● **TASK INSTRUCTIONS**:
Find each line of the entries with the string "bool", please, and copy it.

Segment Start: RECORDS FOR PROCESSING

(* Let $\mathcal{X}$ be a finite set, let $p_1,\ldots,p_t$ and $q_1,\ldots,q_l$ be probability distributions on $\mathcal{X}$, and let $0\le \epsilon_{ij}\le 1$ for $i\in[t]$, $j\in[l]$. Then there is a function $f:\mathcal{X}\to[0,1]$ such that (1) for all $i\in[t]$, $\sum_x p_i(x) f(x)\ \ge\ 1-\sum_{j=1}^l \epsilon_{ij}$; (2) for all $j\in[l]$, $\sum_x q_j(x) f(x)\ \le\ \sum_{i=1}^t 2^{-D^{\epsilon_{ij}}_H(p_i\|q_j)}$.
   Context: For probability distributions $p,q$ on a finite set $\Omega$ and $0\le\epsilon\le 1$, the classical hypothesis testing relative entropy is $D^\epsilon_H(p\|q):=\max_{f}\,-\log_2\sum_\omega f(\omega)q(\omega)$, where the maximum is over all functions $f:\Omega\to[0,1]$ with $\sum_\omega f(\omega)p(\omega)\ge 1-\epsilon$. *)

theory Defs
  imports Complex_Main "HOL-Library.Extended_Real"
begin

definition prob_dist :: "('a::finite \<Rightarrow> real) \<Rightarrow> bool" where
  "prob_dist p \<longleftrightarrow> (\<forall>x. 0 \<le> p x) \<and> (\<Sum>x\<in>UNIV. p x) = 1"

definition test_feasible :: "('a::finite \<Rightarrow> real) \<Rightarrow> real \<Rightarrow> ('a \<Rightarrow> real) \<Rightarrow> bool" where
  "test_feasible p \<epsilon> f \<longleftrightarrow> (\<forall>x. 0 \<le> f x \<and> f x \<le> 1) \<and> (\<Sum>x\<in>UNIV. f x * p x) \<ge> 1 - \<epsilon>"

definition D_H :: "real \<Rightarrow> ('a::finite \<Rightarrow> real) \<Rightarrow> ('a \<Rightarrow> real) \<Rightarrow> ereal" where
  "D_H \<epsilon> p q = (SUP f \<in> {f. test_feasible p \<epsilon> f}.
      (let s = (\<Sum>x\<in>UNIV. f x * q x) in if s = 0 then \<infinity> else ereal (- log 2 s)))"

definition pow2neg :: "ereal \<Rightarrow> real" where
  "pow2neg d = (case d of ereal r \<Rightarrow> 2 powr (- r) | PInfty \<Rightarrow> 0 | MInfty \<Rightarrow> 0)"

end

theory Submission
  imports Defs "HOL-Analysis.Analysis"
begin

text \<open>For each pair (i, j) take an optimal test for p_i against q_j; it exists by compactness and
  its type-II error is exactly 2^(-D_H). The combined test f = min(1, min_j \<Sum>_i F_ij) has type-II
  error against q_j at most \<Sum>_i of those errors, while 1 - f \<le> \<Sum>_j (1 - F_ij) for every i,
  so the type-I errors add up by a union bound.\<close>

lemma continuous_on_sum_times:
  "continuous_on A (\<lambda>f::'a::finite \<Rightarrow> real. \<Sum>x\<in>UNIV. f x * q x)"
  by (intro continuous_intros continuous_on_subset[OF continuous_on_product_coordinates]) auto

lemma compact_test_feasible: "compact {f. test_feasible p e f}"
proof -
  have "compactin (product_topology (\<lambda>_. euclidean) UNIV) (PiE UNIV (\<lambda>_::'a. {0..1::real}))"
    by (subst compactin_PiE) auto
  then have "compact (PiE UNIV (\<lambda>_::'a. {0..1::real}))"
    by (simp add: euclidean_product_topology compactin_euclidean_iff)
  moreover have "closed {f. 1 - e \<le> (\<Sum>x\<in>UNIV. f x * p x)}"
    by (intro closed_Collect_le continuous_intros continuous_on_sum_times)
  ultimately have "compact (PiE UNIV (\<lambda>_. {0..1}) \<inter> {f. 1 - e \<le> (\<Sum>x\<in>UNIV. f x * p x)})"
    by (rule compact_Int_closed)
  also have "PiE UNIV (\<lambda>_. {0..1}) \<inter> {f. 1 - e \<le> (\<Sum>x\<in>UNIV. f x * p x)} = {f. test_feasible p e f}"
    by (auto simp: test_feasible_def PiE_def)
  finally show ?thesis .
qed

lemma optimal_test_exists:
  fixes p q :: "'a::finite \<Rightarrow> real"
  assumes "1 - e \<le> (\<Sum>x\<in>UNIV. p x)"
  obtains f where "test_feasible p e f"
    and "\<And>g. test_feasible p e g \<Longrightarrow> (\<Sum>x\<in>UNIV. f x * q x) \<le> (\<Sum>x\<in>UNIV. g x * q x)"
proof -
  have "test_feasible p e (\<lambda>_. 1)"
    using assms by (simp add: test_feasible_def)
  then have "{f. test_feasible p e f} \<noteq> {}" by blast
  from continuous_attains_inf[OF compact_test_feasible this continuous_on_sum_times]
  show ?thesis using that by blast
qed

lemma pow2neg_D_H_optimal_test:
  fixes p q :: "'a::finite \<Rightarrow> real"
  assumes q: "\<And>x. 0 \<le> q x" and f: "test_feasible p e f"
    and opt: "\<And>g. test_feasible p e g \<Longrightarrow> (\<Sum>x\<in>UNIV. f x * q x) \<le> (\<Sum>x\<in>UNIV. g x * q x)"
  shows "pow2neg (D_H e p q) = (\<Sum>x\<in>UNIV. f x * q x)"
proof -
  define v where "v = (\<lambda>s::real. if s = 0 then \<infinity> else ereal (- log 2 s))"
  define s where "s = (\<Sum>x\<in>UNIV. f x * q x)"
  have "0 \<le> s"
    using f q unfolding s_def test_feasible_def by (intro sum_nonneg) auto
  have v_mono: "v s' \<le> v s" if "s \<le> s'" for s'
    using that \<open>0 \<le> s\<close> by (auto simp: v_def)
  have "D_H e p q = (SUP g \<in> {g. test_feasible p e g}. v (\<Sum>x\<in>UNIV. g x * q x))"
    unfolding D_H_def v_def Let_def ..
  also have "\<dots> = v s"
  proof (rule antisym)
    show "(SUP g \<in> {g. test_feasible p e g}. v (\<Sum>x\<in>UNIV. g x * q x)) \<le> v s"
      using opt by (intro SUP_least v_mono) (simp add: s_def)
    show "v s \<le> (SUP g \<in> {g. test_feasible p e g}. v (\<Sum>x\<in>UNIV. g x * q x))"
      using f by (intro SUP_upper2[of f]) (auto simp: s_def)
  qed
  finally show ?thesis
    using \<open>0 \<le> s\<close> by (auto simp: v_def pow2neg_def s_def[symmetric])
qed

lemma test_attaining_pow2neg_D_H:
  fixes p q :: "'a::finite \<Rightarrow> real"
  assumes "prob_dist p" "prob_dist q" "0 \<le> e"
  obtains f where "test_feasible p e f" "(\<Sum>x\<in>UNIV. f x * q x) = pow2neg (D_H e p q)"
proof -
  have "1 - e \<le> (\<Sum>x\<in>UNIV. p x)" "\<And>x. 0 \<le> q x"
    using assms by (auto simp: prob_dist_def)
  then obtain f where f: "test_feasible p e f"
    and opt: "\<And>g. test_feasible p e g \<Longrightarrow> (\<Sum>x\<in>UNIV. f x * q x) \<le> (\<Sum>x\<in>UNIV. g x * q x)"
    using optimal_test_exists by blast
  show ?thesis
    using that[OF f] pow2neg_D_H_optimal_test[OF \<open>\<And>x. 0 \<le> q x\<close> f opt] by simp
qed

lemma Min_column_sums_bounds:
  fixes a :: "nat \<Rightarrow> nat \<Rightarrow> real"
  assumes a: "\<And>i j. i < t \<Longrightarrow> j < l \<Longrightarrow> 0 \<le> a i j \<and> a i j \<le> 1"
  defines "m \<equiv> Min (insert 1 ((\<lambda>j. \<Sum>i<t. a i j) ` {..<l}))"
  shows "0 \<le> m" "m \<le> 1"
    and "\<And>j. j < l \<Longrightarrow> m \<le> (\<Sum>i<t. a i j)"
    and "\<And>i. i < t \<Longrightarrow> 1 - m \<le> (\<Sum>j<l. 1 - a i j)"
proof -
  show "0 \<le> m" "m \<le> 1" "\<And>j. j < l \<Longrightarrow> m \<le> (\<Sum>i<t. a i j)"
    using a unfolding m_def by (auto simp: Min_le_iff Min_ge_iff intro!: sum_nonneg)
  fix i assume i: "i < t"
  have nonneg: "0 \<le> (\<Sum>j<l. 1 - a i j)"
    using a i by (intro sum_nonneg) auto
  have "m \<in> insert 1 ((\<lambda>j. \<Sum>i<t. a i j) ` {..<l})"
    unfolding m_def by (intro Min_in) auto
  then show "1 - m \<le> (\<Sum>j<l. 1 - a i j)"
  proof
    assume "m = 1" then show ?thesis using nonneg by simp
  next
    assume "m \<in> (\<lambda>j. \<Sum>i<t. a i j) ` {..<l}"
    then obtain j where j: "j < l" "m = (\<Sum>i<t. a i j)" by auto
    have "a i j \<le> m"
      unfolding j(2) using a i j(1) by (intro member_le_sum) auto
    then have "1 - m \<le> 1 - a i j" by simp
    also have "\<dots> \<le> (\<Sum>j<l. 1 - a i j)"
      using a i j(1) by (intro member_le_sum) auto
    finally show ?thesis .
  qed
qed

lemma union_bound_type_I:
  fixes p f :: "'a::finite \<Rightarrow> real" and g :: "nat \<Rightarrow> 'a \<Rightarrow> real"
  assumes p: "prob_dist p"
    and f: "\<And>x. 1 - f x \<le> (\<Sum>j<l. 1 - g j x)"
    and g: "\<And>j. j < l \<Longrightarrow> 1 - e j \<le> (\<Sum>x\<in>UNIV. g j x * p x)"
  shows "1 - (\<Sum>j<l. e j) \<le> (\<Sum>x\<in>UNIV. p x * f x)"
proof -
  have p0: "\<And>x. 0 \<le> p x" and p1: "(\<Sum>x\<in>UNIV. p x) = 1"
    using p by (auto simp: prob_dist_def)
  have "1 - (\<Sum>x\<in>UNIV. p x * f x) = (\<Sum>x\<in>UNIV. p x * (1 - f x))"
    using p1 by (simp add: algebra_simps sum_subtractf)
  also have "\<dots> \<le> (\<Sum>x\<in>UNIV. p x * (\<Sum>j<l. 1 - g j x))"
    using p0 f by (intro sum_mono mult_left_mono) auto
  also have "\<dots> = (\<Sum>j<l. 1 - (\<Sum>x\<in>UNIV. g j x * p x))"
    using p1 by (simp add: sum_distrib_left sum.swap[of _ UNIV] algebra_simps sum_subtractf
        flip: sum_distrib_left)
  also have "\<dots> \<le> (\<Sum>j<l. e j)"
    using g by (intro sum_mono) (simp add: algebra_simps)
  finally show ?thesis by simp
qed

lemma weighted_sum_le_sum_bounds:
  fixes q f :: "'a::finite \<Rightarrow> real" and g :: "nat \<Rightarrow> 'a \<Rightarrow> real"
  assumes q: "\<And>x. 0 \<le> q x"
    and f: "\<And>x. f x \<le> (\<Sum>i<t. g i x)"
    and g: "\<And>i. i < t \<Longrightarrow> (\<Sum>x\<in>UNIV. g i x * q x) \<le> b i"
  shows "(\<Sum>x\<in>UNIV. q x * f x) \<le> (\<Sum>i<t. b i)"
proof -
  have "(\<Sum>x\<in>UNIV. q x * f x) \<le> (\<Sum>x\<in>UNIV. q x * (\<Sum>i<t. g i x))"
    using q f by (intro sum_mono mult_left_mono) auto
  also have "\<dots> = (\<Sum>i<t. \<Sum>x\<in>UNIV. g i x * q x)"
    by (simp add: sum_distrib_left sum.swap[of _ UNIV] algebra_simps)
  also have "\<dots> \<le> (\<Sum>i<t. b i)"
    using g by (intro sum_mono) auto
  finally show ?thesis .
qed

lemma tests_attaining_pow2neg_D_H:
  fixes p q :: "nat \<Rightarrow> 'a::finite \<Rightarrow> real" and eps :: "nat \<Rightarrow> nat \<Rightarrow> real"
  assumes "\<forall>i<t. prob_dist (p i)" "\<forall>j<l. prob_dist (q j)" "\<forall>i<t. \<forall>j<l. 0 \<le> eps i j"
  obtains F where "\<And>i j. i < t \<Longrightarrow> j < l \<Longrightarrow> test_feasible (p i) (eps i j) (F i j)"
    and "\<And>i j. i < t \<Longrightarrow> j < l \<Longrightarrow>
      (\<Sum>x\<in>UNIV. F i j x * q j x) = pow2neg (D_H (eps i j) (p i) (q j))"
proof -
  define P where "P i j g \<longleftrightarrow> test_feasible (p i) (eps i j) g \<and>
      (\<Sum>x\<in>UNIV. g x * q j x) = pow2neg (D_H (eps i j) (p i) (q j))" for i j g
  have ex: "\<exists>g. P i j g" if ij: "i < t" "j < l" for i j
  proof -
    obtain g where "test_feasible (p i) (eps i j) g"
        "(\<Sum>x\<in>UNIV. g x * q j x) = pow2neg (D_H (eps i j) (p i) (q j))"
      by (rule test_attaining_pow2neg_D_H[of "p i" "q j" "eps i j"]) (use assms ij in auto)
    then show ?thesis unfolding P_def by blast
  qed
  define F where "F i j = (SOME g. P i j g)" for i j
  have "P i j (F i j)" if "i < t" "j < l" for i j
    unfolding F_def using ex[OF that] by (rule someI_ex)
  then show ?thesis
    using that[of F] unfolding P_def by blast
qed

lemma combine_tests:
  fixes p q :: "nat \<Rightarrow> 'a::finite \<Rightarrow> real" and F :: "nat \<Rightarrow> nat \<Rightarrow> 'a \<Rightarrow> real"
  assumes p: "\<forall>i<t. prob_dist (p i)" and q: "\<forall>j<l. \<forall>x. 0 \<le> q j x"
    and F: "\<And>i j. i < t \<Longrightarrow> j < l \<Longrightarrow> test_feasible (p i) (eps i j) (F i j)"
    and b: "\<And>i j. i < t \<Longrightarrow> j < l \<Longrightarrow> (\<Sum>x\<in>UNIV. F i j x * q j x) \<le> b i j"
  shows "\<exists>f :: 'a \<Rightarrow> real. (\<forall>x. 0 \<le> f x \<and> f x \<le> 1)
    \<and> (\<forall>i<t. (\<Sum>x\<in>UNIV. p i x * f x) \<ge> 1 - (\<Sum>j<l. eps i j))
    \<and> (\<forall>j<l. (\<Sum>x\<in>UNIV. q j x * f x) \<le> (\<Sum>i<t. b i j))"
proof -
  define f where "f x = Min (insert 1 ((\<lambda>j. \<Sum>i<t. F i j x) ` {..<l}))" for x
  have bounds: "0 \<le> f x" "f x \<le> 1" "\<And>j. j < l \<Longrightarrow> f x \<le> (\<Sum>i<t. F i j x)"
      "\<And>i. i < t \<Longrightarrow> 1 - f x \<le> (\<Sum>j<l. 1 - F i j x)" for x
    unfolding f_def using Min_column_sums_bounds[of t l "\<lambda>i j. F i j x"] F
    by (auto simp: test_feasible_def)
  show ?thesis
  proof (intro exI conjI allI impI)
    show "0 \<le> f x" "f x \<le> 1" for x using bounds by auto
  next
    fix i assume i: "i < t"
    show "1 - (\<Sum>j<l. eps i j) \<le> (\<Sum>x\<in>UNIV. p i x * f x)"
    proof (rule union_bound_type_I)
      show "prob_dist (p i)" using p i by blast
      show "1 - f x \<le> (\<Sum>j<l. 1 - F i j x)" for x using bounds(4) i .
      show "1 - eps i j \<le> (\<Sum>x\<in>UNIV. F i j x * p i x)" if "j < l" for j
        using F[OF i that] by (simp add: test_feasible_def)
    qed
  next
    fix j assume j: "j < l"
    show "(\<Sum>x\<in>UNIV. q j x * f x) \<le> (\<Sum>i<t. b i j)"
    proof (rule weighted_sum_le_sum_bounds)
      show "0 \<le> q j x" for x using q j by blast
      show "f x \<le> (\<Sum>i<t. F i j x)" for x using bounds(3) j .
      show "(\<Sum>x\<in>UNIV. F i j x * q j x) \<le> b i j" if "i < t" for i
        using b[OF that j] .
    qed
  qed
qed

theorem fact1:
  fixes p :: "nat \<Rightarrow> 'a::finite \<Rightarrow> real" and q :: "nat \<Rightarrow> 'a \<Rightarrow> real"
    and t l :: nat and eps :: "nat \<Rightarrow> nat \<Rightarrow> real"
  assumes "\<forall>i<t. prob_dist (p i)"
    and "\<forall>j<l. prob_dist (q j)"
    and "\<forall>i<t. \<forall>j<l. 0 \<le> eps i j \<and> eps i j \<le> 1"
  shows "\<exists>f :: 'a \<Rightarrow> real. (\<forall>x. 0 \<le> f x \<and> f x \<le> 1)
    \<and> (\<forall>i<t. (\<Sum>x\<in>UNIV. p i x * f x) \<ge> 1 - (\<Sum>j<l. eps i j))
    \<and> (\<forall>j<l. (\<Sum>x\<in>UNIV. q j x * f x) \<le> (\<Sum>i<t. pow2neg (D_H (eps i j) (p i) (q j))))"
proof -
  obtain F where F: "\<And>i j. i < t \<Longrightarrow> j < l \<Longrightarrow> test_feasible (p i) (eps i j) (F i j)"
    and err: "\<And>i j. i < t \<Longrightarrow> j < l \<Longrightarrow>
      (\<Sum>x\<in>UNIV. F i j x * q j x) = pow2neg (D_H (eps i j) (p i) (q j))"
    by (rule tests_attaining_pow2neg_D_H[of t p l q eps]) (use assms in auto)
  have q: "\<forall>j<l. \<forall>x. 0 \<le> q j x"
    using assms(2) by (simp add: prob_dist_def)
  show ?thesis
    by (rule combine_tests[OF assms(1) q F eq_refl[OF err]])
qed

end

Segment End: RECORDS FOR PROCESSING

● **RESULT OF THE TASK**:
definition prob_dist :: "('a::finite \<Rightarrow> real) \<Rightarrow> bool" where
definition test_feasible :: "('a::finite \<Rightarrow> real) \<Rightarrow> real \<Rightarrow> ('a \<Rightarrow> real) \<Rightarrow> bool" where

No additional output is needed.